Warnings and Precautions
Exacerbation of Hepatitis after Discontinuation of Treatment
Discontinuation of anti-HBV therapy, including Viread, may be associated with severe acute exacerbations of hepatitis. Patients infected with HBV who discontinue Viread should be closely monitored with both clinical and laboratory follow-up for at least several months after stopping treatment. If appropriate, resumption of anti-hepatitis B therapy may be warranted.
New Onset or Worsening Renal Impairment
Tenofovir is principally eliminated by the kidney. Renal impairment, including cases of acute renal failure and Fanconi syndrome (renal tubular injury with severe hypophosphatemia), has been reported with the use of Viread [See Adverse Reactions (6.2)].
It is recommended that estimated creatinine clearance be assessed in all patients prior to initiating therapy and as clinically appropriate during therapy with Viread. In patients at risk of renal dysfunction, including patients who have previously experienced renal events while receiving HEPSERA®, it is recommended that estimated creatinine clearance, serum phosphorus, urine glucose, and urine protein be assessed prior to initiation of Viread, and periodically during Viread therapy.

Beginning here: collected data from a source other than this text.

lemma adjacent_transvection_involution:
  "T \<in> adjacent_transvections N f g \<Longrightarrow> T * T = 1\<^sub>m N"
  by (auto simp: adjacent_transvections_def transvection_involution)

lemma adjacent_transvection_GL:
  "T \<in> adjacent_transvections N f g \<Longrightarrow> T \<in> GL N"
  by (auto simp: adjacent_transvections_def transvection_GL)

lemma generate_adjacent_transvections_subset:
  assumes "mono f" "mono g"
  shows "generate (GL_group N) (adjacent_transvections N f g) \<subseteq> pattern_group N (block_pattern f g)"
proof
  fix A assume "A \<in> generate (GL_group N) (adjacent_transvections N f g)"
  then show "A \<in> pattern_group N (block_pattern f g)"
  proof (induction rule: generate.induct)
    case one
    then show ?case by (simp add: GL_group_def one_mat_pattern_group reflp_block_pattern)
  next
    case (incl T)
    then show ?case by (rule adjacent_transvections_pattern_group[OF assms])
  next
    case (inv T)
    have "T \<in> carrier (GL_group N)" using inv by (simp add: GL_group_def adjacent_transvection_GL)
    then have "T = inv\<^bsub>GL_group N\<^esub> T"
      using monoid.inv_unique'[OF monoid_GL_group] adjacent_transvection_involution[OF inv]
      by (simp add: GL_group_def)
    then show ?case using adjacent_transvections_pattern_group[OF assms inv] by simp
  next
    case (eng A B)
    then show ?case by (simp add: GL_group_def pattern_group_mult transp_block_pattern)
  qed
qed

lemma transvection_closed_generate_adjacent_transvections:
  assumes "mono f" "mono g"
  shows "transvection_closed N f g (generate (GL_group N) (adjacent_transvections N f g))"
proof
  let ?H = "generate (GL_group N) (adjacent_transvections N f g)"
  show "1\<^sub>m N \<in> ?H"
    using generate.one[of "GL_group N"] by (simp add: GL_group_def)
  show mult_mem: "A * B \<in> ?H" if "A \<in> ?H" "B \<in> ?H" for A B
    using generate.eng[OF that] by (simp add: GL_group_def)
  fix i j assume ij: "i < N" "j < N" "i \<noteq> j" "block_pattern f g i j"
  consider "i < j" | "j < i" using ij(3) by linarith
  then show "transvection N i j \<in> ?H"
  proof cases
    case 1
    then have "g i = g j" using ij(4) monoD[OF assms(2), of i j] by (simp add: block_pattern_def)
    then show ?thesis
      using upper_transvection_mem[OF mult_mem _ assms(2) 1 ij(2)]
      by (auto simp: adjacent_transvections_def intro: generate.incl)
  next
    case 2
    then have "f j = f i" using ij(4) monoD[OF assms(1), of j i] by (simp add: block_pattern_def)
    then show ?thesis
      using lower_transvection_mem[OF mult_mem _ assms(1) 2 ij(1)]
      by (auto simp: adjacent_transvections_def intro: generate.incl)
  qed
qed (use assms in simp_all)

theorem generate_adjacent_transvections:
  assumes "mono f" "mono g"
  shows "generate (GL_group N) (adjacent_transvections N f g) = pattern_group N (block_pattern f g)"
  using generate_adjacent_transvections_subset[OF assms]
    transvection_closed.pattern_group_subset[OF transvection_closed_generate_adjacent_transvections[OF assms]]
  by (rule equalityI)

section \<open>The groups P_{lam|mu}\<close>

lemma finite_stopover: "finite (stopover lam)"
proof -
  have "stopover lam \<subseteq> (\<lambda>k. sum_list (take k lam)) ` {..length lam}"
    by (auto simp: stopover_def)
  then show ?thesis by (rule finite_subset) simp
qed

lemma block_of_Suc: "block_of lam (Suc i) = block_of lam i + (if i \<in> stopover lam then 1 else 0)"
proof -
  have "{s \<in> stopover lam. s < Suc i} = {s \<in> stopover lam. s < i} \<union> (if i \<in> stopover lam then {i} else {})"
    by (auto simp: less_Suc_eq)
  then show ?thesis
    unfolding block_of_def using finite_stopover by (simp add: card_insert_if)
qed

lemma mono_block_of: "mono (block_of lam)"
  unfolding block_of_def by (intro monoI card_mono) (auto intro: finite_stopover)

lemma phi_X: "phi n (X (Suc i)) = transvection (n + 1) (Suc i) i"
  and phi_Y: "phi n (Y (Suc i)) = transvection (n + 1) i (Suc i)"
  by (auto simp: transvection_def E_unit_def intro!: eq_matI)

lemma block_of_eq_Suc_iff: "block_of lam i = block_of lam (Suc i) \<longleftrightarrow> i \<notin> stopover lam"
  by (simp add: block_of_Suc)

lemma phi_S_gens:
  "phi n ` S_gens n lam mu
     = adjacent_transvections (n + 1) (\<lambda>a. block_of lam (Suc a)) (\<lambda>a. block_of mu (Suc a))"
proof -
  have reindex: "{Z i |i. 1 \<le> i \<and> i \<le> n \<and> i \<notin> S} = (\<lambda>i. Z (Suc i)) ` {i. i < n \<and> Suc i \<notin> S}"
    for Z :: "nat \<Rightarrow> gen" and S
  proof (intro equalityI subsetI)
    fix z assume "z \<in> {Z i |i. 1 \<le> i \<and> i \<le> n \<and> i \<notin> S}"
    then obtain i where "z = Z i" "1 \<le> i" "i \<le> n" "i \<notin> S" by blast
    then have "z = Z (Suc (i - 1)) \<and> i - 1 < n \<and> Suc (i - 1) \<notin> S" by simp
    then show "z \<in> (\<lambda>i. Z (Suc i)) ` {i. i < n \<and> Suc i \<notin> S}" by blast
  next
    fix z assume "z \<in> (\<lambda>i. Z (Suc i)) ` {i. i < n \<and> Suc i \<notin> S}"
    then obtain i where "z = Z (Suc i)" "i < n" "Suc i \<notin> S" by blast
    then show "z \<in> {Z i |i. 1 \<le> i \<and> i \<le> n \<and> i \<notin> S}" by fastforce
  qed
  show ?thesis
    unfolding S_gens_def reindex adjacent_transvections_def image_Un image_image phi_X phi_Y
    by (simp add: block_of_eq_Suc_iff)
qed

Dosing interval adjustment of Viread and close monitoring of renal function are recommended in all patients with creatinine clearance below 50 mL/min [See Dosage and Administration (2.3)]. No safety or efficacy data are available in patients with renal impairment who received Viread using these dosing guidelines, so the potential benefit of Viread therapy should be assessed against the potential risk of renal toxicity.
Viread should be avoided with concurrent or recent use of a nephrotoxic agent (e.g., high-dose or multiple non-steroidal anti-inflammatory drugs (NSAIDs)) [See Drug Interactions (7.4)]. Cases of acute renal failure after initiation of high dose or multiple NSAIDs have been reported in HIV-infected patients with risk factors for renal dysfunction who appeared stable on tenofovir DF. Some patients required hospitalization and renal replacement therapy. Alternatives to NSAIDs should be considered, if needed, in patients at risk for renal dysfunction.
Persistent or worsening bone pain, pain in extremities, fractures and/or muscular pain or weakness may be manifestations of proximal renal tubulopathy and should prompt an evaluation of renal function in at-risk patients.
Lactic Acidosis/Severe Hepatomegaly with Steatosis
Lactic acidosis and severe hepatomegaly with steatosis, including fatal cases, have been reported with the use of nucleoside analogs, including tenofovir DF, alone or in combination with other antiretrovirals. Treatment with Viread should be suspended in any patient who develops clinical or laboratory findings suggestive of lactic acidosis or pronounced hepatotoxicity (which may include hepatomegaly and steatosis even in the absence of marked transaminase elevations).
Coadministration with Other Products
Viread should not be used in combination with other drugs containing tenofovir DF or tenofovir alafenamide, including ATRIPLA, COMPLERA, DESCOVY, GENVOYA, ODEFSEY, STRIBILD, TRUVADA, or VEMLIDY. Viread should not be administered in combination with HEPSERA (adefovir dipivoxil) [See Drug Interactions (7.4)].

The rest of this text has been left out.